Going through the entries below, copy out each line that contains "finally".

• • • • •

(* Let $\mathfrak n$ be a finite-dimensional real two-step nilpotent Lie algebra with center $\mathfrak z$, and let $n=\dim\mathfrak n-\dim\mathfrak z$. If $n\ge3$ and $2\dim[\mathfrak n,\mathfrak n]=n(n-1)$, then $\mathfrak n$ does not admit an abelian complex structure. In particular, free two-step nilpotent Lie algebras of rank $n\ge3$ (those with $\mathfrak z=[\mathfrak n,\mathfrak n]$ and $2\dim\mathfrak z=n(n-1)$) admit no abelian complex structure.
   Context: An abelian complex structure on a real Lie algebra $\mathfrak g$ is a linear map $J$ with $J^2=-\mathrm{Id}$ and $[Jx,Jy]=[x,y]$ for all $x,y\in\mathfrak g$. *)

theory Defs
  imports "HOL-Analysis.Analysis"
begin

definition lie_algebra :: "('a::euclidean_space \<Rightarrow> 'a \<Rightarrow> 'a) \<Rightarrow> bool" where
  "lie_algebra br \<longleftrightarrow> bilinear br \<and> (\<forall>x. br x x = 0) \<and>
     (\<forall>x y z. br x (br y z) + br y (br z x) + br z (br x y) = 0)"

definition lie_center :: "('a::euclidean_space \<Rightarrow> 'a \<Rightarrow> 'a) \<Rightarrow> 'a set" where
  "lie_center br = {z. \<forall>x. br z x = 0}"

definition derived_algebra :: "('a::euclidean_space \<Rightarrow> 'a \<Rightarrow> 'a) \<Rightarrow> 'a set" where
  "derived_algebra br = span {br x y | x y. True}"

definition two_step_nilpotent :: "('a::euclidean_space \<Rightarrow> 'a \<Rightarrow> 'a) \<Rightarrow> bool" where
  "two_step_nilpotent br \<longleftrightarrow> lie_algebra br \<and> (\<forall>x y z. br x (br y z) = 0) \<and>
     (\<exists>x y. br x y \<noteq> 0)"

definition abelian_complex_structure ::
  "('a::euclidean_space \<Rightarrow> 'a \<Rightarrow> 'a) \<Rightarrow> ('a \<Rightarrow> 'a) \<Rightarrow> bool" where
  "abelian_complex_structure br J \<longleftrightarrow> linear J \<and> (\<forall>x. J (J x) = - x) \<and>
     (\<forall>x y. br (J x) (J y) = br x y)"

end

theory Submission
  imports Defs
begin

text \<open>The centre \<open>Z\<close> of a Lie algebra \<open>L\<close> with abelian complex structure \<open>J\<close> is
  \<open>J\<close>-invariant, so \<open>J\<close> induces a complex structure on \<open>L/Z\<close> and, as \<open>n \<ge> 3\<close>, we can
  pick \<open>x, J x, y, J y\<close> independent modulo \<open>Z\<close> and extend them to a list
  \<open>e\<^sub>1, \<dots>, e\<^sub>n\<close> spanning \<open>L\<close> modulo \<open>Z\<close>. The derived algebra is spanned by the
  \<open>n(n-1)/2\<close> brackets \<open>[e\<^sub>i, e\<^sub>j]\<close> with \<open>i < j\<close>, but two of them coincide because
  \<open>[J x, J y] = [x, y]\<close>, so \<open>2 dim [L, L] < n(n-1)\<close>.\<close>

lemma lie_algebra_bracket_antisym:
  assumes "lie_algebra br"
  shows "br u v = - br v u"
proof -
  have bl: "bilinear br" and alt: "\<And>x. br x x = 0"
    using assms unfolding lie_algebra_def by auto
  have "0 = br (u + v) (u + v)" using alt by simp
  also have "\<dots> = br u u + br u v + br v u + br v v"
    by (simp add: bilinear_ladd[OF bl] bilinear_radd[OF bl])
  finally show ?thesis using alt by (simp add: eq_neg_iff_add_eq_0)
qed

lemma bilinear_span_in_subspace:
  assumes bl: "bilinear br" and T: "subspace T"
    and gen: "\<And>u v. u \<in> A \<Longrightarrow> v \<in> A \<Longrightarrow> br u v \<in> T"
    and u: "u \<in> span A" and v: "v \<in> span A"
  shows "br u v \<in> T"
proof -
  have right: "br u' v \<in> T" if "u' \<in> A" for u'
  proof -
    have "linear (br u')" using bl unfolding bilinear_def by blast
    then have "br u' ` span A = span (br u' ` A)" by (rule span_linear_image[symmetric])
    also have "\<dots> \<subseteq> T" using span_minimal[OF _ T] gen that by blast
    finally show ?thesis using v by blast
  qed
  have "linear (\<lambda>x. br x v)" using bl unfolding bilinear_def by blast
  then have "(\<lambda>x. br x v) ` span A = span ((\<lambda>x. br x v) ` A)" by (rule span_linear_image[symmetric])
  also have "\<dots> \<subseteq> T" by (rule span_minimal[OF _ T]) (auto intro: right)
  finally show ?thesis using u by blast
qed

lemma abelian_complex_structure_center_invariant:
  assumes "lie_algebra br" and "abelian_complex_structure br J"
  shows "J ` lie_center br \<subseteq> lie_center br"
proof
  fix w assume "w \<in> J ` lie_center br"
  then obtain z where z: "z \<in> lie_center br" and w: "w = J z" by blast
  have bl: "bilinear br" using assms(1) unfolding lie_algebra_def by blast
  have JJ: "\<And>x. J (J x) = - x" and JB: "\<And>x y. br (J x) (J y) = br x y"
    using assms(2) unfolding abelian_complex_structure_def by blast+
  have "br (J z) x = 0" for x
  proof -
    have "br (J z) x = br (J (J z)) (J x)" by (rule JB[symmetric])
    also have "\<dots> = - br z (J x)" by (simp add: JJ bilinear_lneg[OF bl])
    finally show ?thesis using z unfolding lie_center_def by simp
  qed
  then show "w \<in> lie_center br" unfolding w lie_center_def by simp
qed

text \<open>If \<open>J y = m + k y\<close> with \<open>m\<close> in the invariant subspace, applying \<open>J\<close> once more gives
  \<open>(1 + k\<^sup>2) y = - J m - k m\<close>, which lies in that subspace.\<close>

lemma complex_structure_not_in_span_insert:
  fixes J :: "'a::real_vector \<Rightarrow> 'a"
  assumes lin: "linear J" and JJ: "\<And>x. J (J x) = - x"
    and inv: "J ` G \<subseteq> span G" and y: "y \<notin> span G"
  shows "J y \<notin> span (insert y G)"
proof
  assume "J y \<in> span (insert y G)"
  then obtain k where m: "J y - k *\<^sub>R y \<in> span G" using span_breakdown_eq by blast
  define m where "m = J y - k *\<^sub>R y"
  have "J ` span G \<subseteq> span G"
    using span_linear_image[OF lin, of G] span_minimal[OF inv subspace_span] by simp
  then have Jm: "J m \<in> span G" using m m_def by blast
  have "J m = - y - k *\<^sub>R J y"
    unfolding m_def using JJ linear_diff[OF lin] linear_scale[OF lin] by simp
  then have "(1 + k\<^sup>2) *\<^sub>R y = - J m - k *\<^sub>R m"
    unfolding m_def by (simp add: algebra_simps power2_eq_square)
  also have "\<dots> \<in> span G" using Jm m m_def by (simp add: span_diff span_neg span_scale)
  finally have "inverse (1 + k\<^sup>2) *\<^sub>R ((1 + k\<^sup>2) *\<^sub>R y) \<in> span G" by (rule span_scale)
  moreover have "1 + k\<^sup>2 \<noteq> 0" by (metis add_pos_nonneg zero_less_one zero_le_power2 less_irrefl)
  ultimately show False using y by simp
qed

lemma complex_structure_invariant_extend:
  fixes J :: "'a::euclidean_space \<Rightarrow> 'a"
  assumes lin: "linear J" and JJ: "\<And>x. J (J x) = - x"
    and inv: "J ` G \<subseteq> span G" and dim: "dim G < DIM('a)"
  obtains x where "dim (insert (J x) (insert x G)) = dim G + 2"
    and "J ` insert (J x) (insert x G) \<subseteq> span (insert (J x) (insert x G))"
proof -
  have "span G \<noteq> UNIV" using dim dim_eq_full[of G] by simp
  then obtain x where x: "x \<notin> span G" by blast
  have Jx: "J x \<notin> span (insert x G)"
    by (rule complex_structure_not_in_span_insert[OF lin JJ inv x])
  let ?G = "insert (J x) (insert x G)"
  have "dim ?G = dim G + 2" using x Jx by (simp add: dim_insert)
  moreover have "J ` ?G \<subseteq> span ?G"
    using inv span_mono[of G ?G] by (auto simp: JJ span_base span_neg)
  ultimately show thesis by (rule that)
qed

lemma complex_structure_invariant_extend_twice:
  fixes J :: "'a::euclidean_space \<Rightarrow> 'a"
  assumes lin: "linear J" and JJ: "\<And>x. J (J x) = - x"
    and inv: "J ` G \<subseteq> span G" and dim: "dim G + 2 < DIM('a)"
  obtains x y where "dim (insert (J y) (insert y (insert (J x) (insert x G)))) = dim G + 4"
proof -
  have "dim G < DIM('a)" using dim by linarith
  then obtain x where dim2: "dim (insert (J x) (insert x G)) = dim G + 2"
    and inv2: "J ` insert (J x) (insert x G) \<subseteq> span (insert (J x) (insert x G))"
    by (rule complex_structure_invariant_extend[OF lin JJ inv])
  have "dim (insert (J x) (insert x G)) < DIM('a)" using dim dim2 by linarith
  then obtain y where "dim (insert (J y) (insert y (insert (J x) (insert x G)))) = dim G + 2 + 2"
    unfolding dim2[symmetric] by (rule complex_structure_invariant_extend[OF lin JJ inv2])
  then have "dim (insert (J y) (insert y (insert (J x) (insert x G)))) = dim G + 4"
    by (simp only: add.assoc flip: numeral_Bit0)
  then show thesis by (rule that)
qed

lemma exists_spanning_extension_list:
  fixes G :: "'a::euclidean_space set"
  obtains rs where "length rs = DIM('a) - dim G" and "span (G \<union> set rs) = UNIV"
proof -
  obtain B' where B': "B' \<subseteq> G" "independent B'" "G \<subseteq> span B'" "card B' = dim G"
    using basis_exists by blast
  obtain B where B: "B' \<subseteq> B" "independent B" "UNIV \<subseteq> span B"
    using maximal_independent_subset_extend[of B' UNIV] B' by auto
  have finB: "finite B" using independent_bound[OF B(2)] by blast
  have "card B = DIM('a)"
    using dim_eq_full[of B] B(3) dim_eq_card_independent[OF B(2)] by auto
  then have cR: "card (B - B') = DIM('a) - dim G"
    using card_Diff_subset[OF finite_subset[OF B(1) finB] B(1)] B'(4) by simp
  obtain rs where rs: "set rs = B - B'" "distinct rs"
    using finite_distinct_list[of "B - B'"] finB by auto
  have "B \<subseteq> span (G \<union> set rs)" using B'(1) rs(1) by (auto intro: span_base)
  then have "span B \<subseteq> span (G \<union> set rs)" by (rule span_minimal[OF _ subspace_span])
  then have "span (G \<union> set rs) = UNIV" using B(3) by auto
  moreover have "length rs = DIM('a) - dim G" using distinct_card[OF rs(2)] rs(1) cR by simp
  ultimately show thesis by (rule that[rotated])
qed

lemma card_ordered_pairs_less: "2 * card {(i::nat, j). i < j \<and> j < n} = n * (n - 1)"
proof (induction n)
  case 0
  then show ?case by simp
next
  case (Suc n)
  have eq: "{(i::nat, j). i < j \<and> j < Suc n} = {(i, j). i < j \<and> j < n} \<union> (\<lambda>i. (i, n)) ` {..<n}"
    by auto
  have fin: "finite {(i::nat, j). i < j \<and> j < n}"
    by (rule finite_subset[of _ "{..<n} \<times> {..<n}"]) auto
  have "card {(i::nat, j). i < j \<and> j < Suc n} = card {(i, j). i < j \<and> j < n} + n"
    unfolding eq by (subst card_Un_disjoint) (auto simp: fin card_image inj_on_def)
  then show ?case using Suc by (cases n) (auto simp: algebra_simps)
qed

lemma derived_algebra_subset_span_brackets:
  assumes lie: "lie_algebra br" and spanning: "span (lie_center br \<union> set es) = UNIV"
  shows "derived_algebra br \<subseteq>
    span ((\<lambda>(i, j). br (es ! i) (es ! j)) ` {(i, j). i < j \<and> j < length es})"
    (is "_ \<subseteq> span ?S")
proof -
  have bl: "bilinear br" and alt: "\<And>x. br x x = 0"
    using lie unfolding lie_algebra_def by auto
  have gen: "br u v \<in> span ?S"
    if uv: "u \<in> lie_center br \<union> set es" "v \<in> lie_center br \<union> set es" for u v
  proof -
    consider "u \<in> lie_center br" | "v \<in> lie_center br" | "u \<in> set es" "v \<in> set es"
      using uv by blast
    then show ?thesis
    proof cases
      case 1
      then show ?thesis unfolding lie_center_def by (simp add: span_zero)
    next
      case 2
      then show ?thesis using lie_algebra_bracket_antisym[OF lie, of u v]
        unfolding lie_center_def by (simp add: span_zero)
    next
      case 3
      then obtain i j where ij: "i < length es" "j < length es" "u = es ! i" "v = es ! j"
        by (auto simp: in_set_conv_nth)
      consider "i < j" | "i = j" | "j < i" by linarith
      then show ?thesis
      proof cases
        case 1
        then show ?thesis using ij by (auto intro!: span_base)
      next
        case 2
        then show ?thesis using ij alt by (simp add: span_zero)
      next
        case 3
        then have "br v u \<in> span ?S" using ij by (auto intro!: span_base)
        then show ?thesis using lie_algebra_bracket_antisym[OF lie, of u v] by (simp add: span_neg)
      qed
    qed
  qed
  have "br u v \<in> span ?S" for u v
    using bilinear_span_in_subspace[OF bl subspace_span gen] spanning by blast
  then show ?thesis unfolding derived_algebra_def by (intro span_minimal subspace_span) blast
qed

lemma derived_algebra_dim_less_pairs:
  assumes lie: "lie_algebra br" and spanning: "span (lie_center br \<union> set es) = UNIV"
    and pairs: "i < j" "k < l" "j < length es" "l < length es" "(i, j) \<noteq> (k, l)"
    and coincide: "br (es ! i) (es ! j) = br (es ! k) (es ! l)"
  shows "2 * dim (derived_algebra br) < length es * (length es - 1)"
proof -
  define P where "P = {(i, j). i < j \<and> j < length es}"
  define f where "f = (\<lambda>(i, j). br (es ! i) (es ! j))"
  have finP: "finite P" unfolding P_def
    by (rule finite_subset[of _ "{..<length es} \<times> {..<length es}"]) auto
  have "dim (derived_algebra br) \<le> card (f ` P)"
    using derived_algebra_subset_span_brackets[OF lie spanning] finP
    by (intro dim_le_card) (auto simp: P_def f_def)
  moreover have "(i, j) \<in> P" "(k, l) \<in> P" "f (i, j) = f (k, l)"
    using pairs coincide unfolding P_def f_def by auto
  then have "\<not> inj_on f P" using pairs(5) inj_onD by metis
  then have "card (f ` P) < card P"
    using inj_on_iff_eq_card[OF finP] card_image_le[OF finP] le_neq_implies_less by blast
  ultimately show ?thesis using card_ordered_pairs_less[of "length es"] unfolding P_def by linarith
qed

theorem mainTheorem14:
  fixes br :: "'a::euclidean_space \<Rightarrow> 'a \<Rightarrow> 'a" and n :: nat
  assumes "two_step_nilpotent br"
    and "n = DIM('a) - dim (lie_center br)"
    and "n \<ge> 3"
    and "2 * dim (derived_algebra br) = n * (n - 1)"
  shows "\<not> (\<exists>J. abelian_complex_structure br J)"
proof
  assume "\<exists>J. abelian_complex_structure br J"
  then obtain J where J: "abelian_complex_structure br J" by blast
  then have lin: "linear J" and JJ: "\<And>x. J (J x) = - x" and JB: "\<And>x y. br (J x) (J y) = br x y"
    unfolding abelian_complex_structure_def by blast+
  have lie: "lie_algebra br" using assms(1) unfolding two_step_nilpotent_def by blast
  let ?Z = "lie_center br"
  have "J ` ?Z \<subseteq> span ?Z"
    using abelian_complex_structure_center_invariant[OF lie J] span_superset by blast
  moreover have "dim ?Z + 2 < DIM('a)" using assms(2,3) by linarith
  ultimately obtain x y
    where dimG: "dim (insert (J y) (insert y (insert (J x) (insert x ?Z)))) = dim ?Z + 4"
    by (rule complex_structure_invariant_extend_twice[OF lin JJ])
  let ?G = "insert (J y) (insert y (insert (J x) (insert x ?Z)))"
  have "dim ?G \<le> DIM('a)" by (rule dim_subset_UNIV)
  then have n4: "n \<ge> 4" using dimG assms(2) by linarith
  obtain rs where len_rs: "length rs = DIM('a) - dim ?G" and span_rs: "span (?G \<union> set rs) = UNIV"
    by (rule exists_spanning_extension_list)
  define es where "es = [x, J x, y, J y] @ rs"
  have len: "length es = n" unfolding es_def using len_rs dimG n4 assms(2) by simp
  have spanning: "span (?Z \<union> set es) = UNIV"
    using span_rs unfolding es_def by (simp add: insert_commute)
  have "br (es ! 0) (es ! 2) = br (es ! 1) (es ! 3)" unfolding es_def by (simp add: JB)
  then have "2 * dim (derived_algebra br) < n * (n - 1)"
    using derived_algebra_dim_less_pairs[OF lie spanning, of 0 2 1 3] n4 len by simp
  then show False using assms(4) by simp
qed

end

• • • • •

- Answer section
  finally show ?thesis using alt by (simp add: eq_neg_iff_add_eq_0)
    finally show ?thesis using v by blast
  finally show ?thesis using u by blast
    finally show ?thesis using z unfolding lie_center_def by simp
  finally have "inverse (1 + k\<^sup>2) *\<^sub>R ((1 + k\<^sup>2) *\<^sub>R y) \<in> span G" by (rule span_scale)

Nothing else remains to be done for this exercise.